Since most of these information sources only allow network (HTTP) access, our wrapper is not physically located on the server machine of the tool. The link from our wrapper to the source is implemented through third party software ( get_url.pl Perl Library) which retrieves output from remote HTML pages and from remote CGI scripts.
The following generic wrapper function diom_wrapper_Select will be used as the running example to illustrate reusability in DIOM wrapper construction and generation.
sub diom_wrapper_Select {
local($result);
## Fetch Data
$result=&local_ExternalFetch;
$verbose &&
print "RAW PAGE ======\n<pre>\n $result \n</pre>".
" \n===== End RAW PAGE\n";
## Normalization
$tablename=&local_ExternalNormalize ($result);
## process normalize data
$return=&local_Select ($tablename);
## clean up tmp tables
&local_Close ($tablename);
## return answer
$return;
}
The code above is written for semi-structured network access tool wrappers.
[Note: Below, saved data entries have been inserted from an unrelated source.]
lemma K_bounds_comp_stable_leaves:
  fixes \<Psi> :: "(real^'u) \<times> (real^'s) \<Rightarrow> (real^'u) \<times> (real^'s)"
    and K :: "(real^'u) \<times> (real^'s) \<Rightarrow> real^'n^'m"
  assumes K: "K_bounds \<alpha> \<beta> K C" and "0 \<le> \<beta>" "\<beta> \<le> \<alpha>" "\<alpha> \<le> 1"
    and leaves: "sends_stable_leaves \<Psi>" and lip: "lipschitz_on M UNIV \<Psi>" and "1 \<le> M"
  shows "K_bounds \<alpha> \<beta> (K \<circ> \<Psi>) (3 * M * C)"
proof -
  define u where "u x = fst (\<Psi> (x, 0))" for x
  define s where "s x y = snd (\<Psi> (x, y))" for x y
  have \<Psi>: "\<Psi> (x, y) = (u x, s x y)" for x y
    using sends_stable_leaves_fst_eq [OF leaves, of x y 0] by (simp add: u_def s_def prod_eq_iff)
  have u: "norm (u x - u x') \<le> M * norm (x - x')" for x x'
    using lipschitz_on_UNIV_Pair_left [OF lip, of x 0 x'] norm_fst_le order_trans
    by (fastforce simp: \<Psi>)
  have s_x: "norm (s x y - s x' y) \<le> M * norm (x - x')" for x x' y
    using lipschitz_on_UNIV_Pair_left [OF lip, of x y x'] norm_snd_le order_trans
    by (fastforce simp: \<Psi>)
  have s_y: "norm (s x y - s x y') \<le> M * norm (y - y')" for x y y'
    using lipschitz_on_UNIV_Pair_right [OF lip, of x y y'] norm_snd_le order_trans
    by (fastforce simp: \<Psi>)
  have C: "0 \<le> C" using K_bounds_nonneg [OF K] .
  have MC: "C \<le> M * C" "M * C \<le> 3 * M * C"
    using mult_right_mono [OF \<open>1 \<le> M\<close> C] C \<open>1 \<le> M\<close> by auto
  show ?thesis
    unfolding K_bounds_def
  proof (intro allI conjI)
    fix x x' y y'
    have "norm (K (\<Psi> (x, y))) \<le> C"
      using K unfolding K_bounds_def by (metis prod.collapse)
    also have "\<dots> \<le> 3 * M * C"
      using MC by linarith
    finally show "norm ((K \<circ> \<Psi>) (x, y)) \<le> 3 * M * C" by simp
    show "norm ((K \<circ> \<Psi>) (x, y) - (K \<circ> \<Psi>) (x', y)) \<le> 3 * M * C * norm (x - x') powr \<beta>"
      using assms u s_x by (simp add: \<Psi> K_bounds_unstable_diff [OF K])
    have "norm ((K \<circ> \<Psi>) (x, y) - (K \<circ> \<Psi>) (x, y')) \<le> M * C * norm (y - y') powr \<alpha>"
      using assms s_y by (simp add: \<Psi> K_bounds_stable_diff [OF K])
    also have "\<dots> \<le> 3 * M * C * norm (y - y') powr \<alpha>"
      using MC C \<open>1 \<le> M\<close> by (intro mult_right_mono) auto
    finally show "norm ((K \<circ> \<Psi>) (x, y) - (K \<circ> \<Psi>) (x, y')) \<le> 3 * M * C * norm (y - y') powr \<alpha>" .
    show "norm ((K \<circ> \<Psi>) (x, y) - (K \<circ> \<Psi>) (x', y) - (K \<circ> \<Psi>) (x, y') + (K \<circ> \<Psi>) (x', y'))
        \<le> 3 * M * C * norm (x - x') powr \<beta> * norm (y - y') powr (\<alpha> - \<beta>)"
      using assms u s_x s_y by (simp add: \<Psi> K_bounds_mixed_diff [OF K])
  qed
qed
(* Let $\gamma=(\gamma_1,\dots,\gamma_b)$ be a parallel map on $V=V_1\oplus\cdots\oplus V_b$, $V_i\cong(\mathbb F_2)^m$, with $0\gamma=0$. Suppose every $\gamma_i$ is differentially $2^r$-uniform with $r<m-1$ and strongly $r$-anti-invariant. If $\gamma$ maps $\mathcal L(W)$ onto a non-trivial partition $\mathcal{LA}_U(W_1|W_2)$, then $W$, $W_1$, $W_2$ are walls and $W=W_1=W_2$; in particular $\mathcal{LA}_U(W_1|W_2)$ is linear.
   Context: Let $m,b>1$, $n=mb$, $V=(\mathbb F_2)^n=V_1\oplus\cdots\oplus V_b$, $V_i\cong(\mathbb F_2)^m$. Permutations act on the right. A parallel map is $\gamma\in\mathrm{Sym}(V)$ with $(v_1\oplus\cdots\oplus v_b)\gamma=v_1\gamma_1\oplus\cdots\oplus v_b\gamma_b$, $\gamma_i\in\mathrm{Sym}(V_i)$ (S-boxes). A wall is $\bigoplus_{i\in I}V_i$ with $\emptyset\ne I\subsetneq\{1,\dots,b\}$. For $f:(\mathbb F_2)^m\to(\mathbb F_2)^m$, $f$ is differentially $\delta$-uniform if $\delta=\max_{a\ne0,b}|\{x:f(x+a)+f(x)=b\}|$; with $f(0)=0$ and $1\le r<m$, $f$ is strongly $r$-anti-invariant if for all subspaces $U,W$ with $f(U)=W$, either $\dim U=\dim W<m-r$ or $U=W=(\mathbb F_2)^m$. A permutation maps a partition $\mathcal A$ onto $\mathcal B$ if it sends the blocks of $\mathcal A$ exactly onto the blocks of $\mathcal B$; a partition is trivial if it is the partition into singletons or $\{V\}$. $\mathcal L(W)=\{W+v:v\in V\}$ for a subspace $W$ (linear partition). For a subspace $U$ of dimension $n-1$ and subspaces $W_1,W_2\subseteq U$, $\mathcal{LA}_U(W_1|W_2)=\{W_1+v:v\in U\}\cup\{(W_2+\bar v)+v:v\in U\}$ for any $\bar v\in V\setminus U$. *)

theory Defs
  imports Main
begin

text \<open>Vectors of (F_2)^k are modelled as functions nat => bool (True = 1) that
vanish outside the coordinates 0..<k; addition is coordinatewise xor.\<close>

definition Vsp :: "nat \<Rightarrow> (nat \<Rightarrow> bool) set" where
  "Vsp k = {v. \<forall>i. k \<le> i \<longrightarrow> \<not> v i}"

definition vzero :: "nat \<Rightarrow> bool" where
  "vzero = (\<lambda>i. False)"

definition vadd :: "(nat \<Rightarrow> bool) \<Rightarrow> (nat \<Rightarrow> bool) \<Rightarrow> (nat \<Rightarrow> bool)" where
  "vadd u v = (\<lambda>i. u i \<noteq> v i)"

text \<open>Linear subspaces of (F_2)^k (over F_2 these are exactly the subsets containing 0
closed under addition; scalar multiplication by 0 and 1 is then automatic).\<close>
definition subspace2 :: "nat \<Rightarrow> (nat \<Rightarrow> bool) set \<Rightarrow> bool" where
  "subspace2 k U \<longleftrightarrow> U \<subseteq> Vsp k \<and> vzero \<in> U \<and> (\<forall>u\<in>U. \<forall>v\<in>U. vadd u v \<in> U)"

definition dim2 :: "(nat \<Rightarrow> bool) set \<Rightarrow> nat" where
  "dim2 U = (THE d. card U = 2 ^ d)"

definition coset2 :: "(nat \<Rightarrow> bool) set \<Rightarrow> (nat \<Rightarrow> bool) \<Rightarrow> (nat \<Rightarrow> bool) set" where
  "coset2 W v = (\<lambda>w. vadd w v) ` W"

definition blk :: "nat \<Rightarrow> nat \<Rightarrow> (nat \<Rightarrow> bool) \<Rightarrow> (nat \<Rightarrow> bool)" where
  "blk m i v = (\<lambda>j. if j < m then v (i * m + j) else False)"

definition parmap :: "nat \<Rightarrow> nat \<Rightarrow> (nat \<Rightarrow> (nat \<Rightarrow> bool) \<Rightarrow> (nat \<Rightarrow> bool))
                      \<Rightarrow> (nat \<Rightarrow> bool) \<Rightarrow> (nat \<Rightarrow> bool)" where
  "parmap m b g v = (\<lambda>k. if k < m * b then g (k div m) (blk m (k div m) v) (k mod m) else False)"

text \<open>Walls: \<Oplus>_{i\<in>I} V_i with I nonempty proper subset of the block indices.\<close>
definition wall :: "nat \<Rightarrow> nat \<Rightarrow> (nat \<Rightarrow> bool) set \<Rightarrow> bool" where
  "wall m b X \<longleftrightarrow> (\<exists>I. I \<noteq> {} \<and> I \<subset> {0..<b} \<and>
      X = {v \<in> Vsp (m * b). \<forall>k < m * b. k div m \<notin> I \<longrightarrow> \<not> v k})"

definition diff_uniform :: "nat \<Rightarrow> ((nat \<Rightarrow> bool) \<Rightarrow> (nat \<Rightarrow> bool)) \<Rightarrow> nat \<Rightarrow> bool" where
  "diff_uniform m f \<delta> \<longleftrightarrow>
     \<delta> = Max {card {x \<in> Vsp m. vadd (f (vadd x a)) (f x) = c} | a c.
                a \<in> Vsp m \<and> a \<noteq> vzero \<and> c \<in> Vsp m}"

definition strongly_anti_invariant :: "nat \<Rightarrow> nat \<Rightarrow> ((nat \<Rightarrow> bool) \<Rightarrow> (nat \<Rightarrow> bool)) \<Rightarrow> bool" where
  "strongly_anti_invariant m r f \<longleftrightarrow> f vzero = vzero \<and> 1 \<le> r \<and> r < m \<and>
     (\<forall>U W. subspace2 m U \<and> subspace2 m W \<and> f ` U = W \<longrightarrow>
        (dim2 U = dim2 W \<and> dim2 W < m - r) \<or> (U = Vsp m \<and> W = Vsp m))"

definition maps_partition :: "((nat \<Rightarrow> bool) \<Rightarrow> (nat \<Rightarrow> bool)) \<Rightarrow> (nat \<Rightarrow> bool) set set
                               \<Rightarrow> (nat \<Rightarrow> bool) set set \<Rightarrow> bool" where
  "maps_partition f A B \<longleftrightarrow> (\<lambda>X. f ` X) ` A = B"

definition trivial_partition :: "nat \<Rightarrow> (nat \<Rightarrow> bool) set set \<Rightarrow> bool" where
  "trivial_partition n P \<longleftrightarrow> P = (\<lambda>v. {v}) ` Vsp n \<or> P = {Vsp n}"

definition linpart :: "nat \<Rightarrow> (nat \<Rightarrow> bool) set \<Rightarrow> (nat \<Rightarrow> bool) set set" where
  "linpart n W = {coset2 W v | v. v \<in> Vsp n}"

definition LA :: "(nat \<Rightarrow> bool) set \<Rightarrow> (nat \<Rightarrow> bool) set \<Rightarrow> (nat \<Rightarrow> bool) set
                 \<Rightarrow> (nat \<Rightarrow> bool) \<Rightarrow> (nat \<Rightarrow> bool) set set" where
  "LA U W1 W2 vbar = {coset2 W1 v | v. v \<in> U} \<union> {coset2 (coset2 W2 vbar) v | v. v \<in> U}"

end

theory Submission
  imports Defs
begin

text \<open>Write P for the parallel map. As P 0 = 0 lies in the hyperplane U, P maps W onto W1;
  more generally a coset W + v with P v \<in> U goes onto W1 + P v, so every derivative
  P(v + w) + P v with w \<in> W and P v \<in> U lies in W1. On a single brick V_i this says that
  \<gamma>_i maps the slice W \<inter> V_i onto W1 \<inter> V_i, and that on the preimage of U \<inter> V_i,
  which is at least half of V_i, the derivatives of \<gamma>_i in the directions of the i-th
  components of W take their values in a single coset of W1 \<inter> V_i. Differential
  2^r-uniformity then leaves room only for the full slice, the alternative allowed by strong
  r-anti-invariance. Hence W is the sum of the bricks it meets, i.e. a wall (W = 0 would make
  the partition trivial, W = V would put vbar into W1 \<subseteq> U). A parallel map fixes every
  wall and sends its cosets to cosets, which gives W1 = W2 = W.\<close>

lemma vadd_comm: "vadd u v = vadd v u"
  by (auto simp: vadd_def fun_eq_iff)

lemma vadd_assoc: "vadd (vadd u v) w = vadd u (vadd v w)"
  by (auto simp: vadd_def fun_eq_iff)

lemma vadd_vzero [simp]: "vadd v vzero = v" "vadd vzero v = v"
  by (auto simp: vadd_def vzero_def fun_eq_iff)

lemma vadd_cancel [simp]:
  "vadd (vadd u v) v = u" "vadd v (vadd v u) = u" "vadd (vadd v u) v = u" "vadd v (vadd u v) = u"
  by (auto simp: vadd_def fun_eq_iff)

lemma vadd_left_cancel [simp]: "vadd u v = vadd u w \<longleftrightarrow> v = w"
  by (auto simp: vadd_def fun_eq_iff)

lemma vadd_right_cancel [simp]: "vadd v u = vadd w u \<longleftrightarrow> v = w"
  by (auto simp: vadd_def fun_eq_iff)

lemma vadd_eq_vzero_iff [simp]: "vadd u v = vzero \<longleftrightarrow> u = v"
  by (auto simp: vadd_def vzero_def fun_eq_iff)

lemma Vsp_vadd: "u \<in> Vsp k \<Longrightarrow> v \<in> Vsp k \<Longrightarrow> vadd u v \<in> Vsp k"
  by (auto simp: Vsp_def vadd_def)

lemma less_if_Vsp: "v \<in> Vsp k \<Longrightarrow> v i \<Longrightarrow> i < k"
  by (auto simp: Vsp_def not_le[symmetric])

lemma vzero_in_Vsp [simp]: "vzero \<in> Vsp k"
  by (auto simp: Vsp_def vzero_def)

lemma Vsp_eq_image_Pow: "Vsp k = (\<lambda>S i. i \<in> S) ` Pow {0..<k}"
proof
  show "Vsp k \<subseteq> (\<lambda>S i. i \<in> S) ` Pow {0..<k}"
  proof
    fix v assume "v \<in> Vsp k"
    then have "{i. v i} \<in> Pow {0..<k}" "v = (\<lambda>i. i \<in> {i. v i})"
      by (auto simp: Vsp_def) (meson not_le)
    then show "v \<in> (\<lambda>S i. i \<in> S) ` Pow {0..<k}" by blast
  qed
qed (auto simp: Vsp_def)

lemma finite_Vsp [simp]: "finite (Vsp k)"
  unfolding Vsp_eq_image_Pow by simp

lemma card_Vsp: "card (Vsp k) = 2 ^ k"
proof -
  have "inj_on (\<lambda>S i. i \<in> S) (Pow {0..<k})"
    by (rule inj_onI) (auto simp: fun_eq_iff)
  then show ?thesis
    unfolding Vsp_eq_image_Pow by (simp add: card_image card_Pow)
qed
The function diom_wrapper_Select first fetches the data from the network information tool, normalizes it inside the wrapper DBMS by calling the local wrapper functions local_ExternalFetch and local_ExternalNormalize, then performs the necessary selections on the data based on the condition and returns the result as a packaged DIOM object (MIME type).
The local wrapper function local_ExternalFetch below composes the correct URL to the information tool, grabs the web page, and returns the raw result up to the Select function.
sub local_ExternalFetch {
## Template for Web Pages
local($url);
## compose correct URL
$url=&HTML_makeURL;
($verbose) && (print "URL: $url\n");
## grab web page
eval "\$result=&GrabWebPage(\$url)" ||
die "Page Grab failed\n";
($verbose) && (print "Page Grab SUCCESS\n");
$result;
}
The local_ExternalNormalize function below takes the raw result and normalizes it into the DIOM internal object representation.
sub local_ExternalNormalize {
local($result)=@_;
## create temporary table name to use
$tablename=&local_MakeTableName;
## create normalization commands
@insertCommands =
&HTML_translate($tablename,$result);
## print commands
$verbose && print "INSERT COMMANDS ".
"=======\n@insertCommands\n===== END INSERT ".
"COMMANDS\n";
## execute commands to insert into table
eval "&insertScratch (\$tablename, ".
"\@insertCommands)" || print "ERROR with ".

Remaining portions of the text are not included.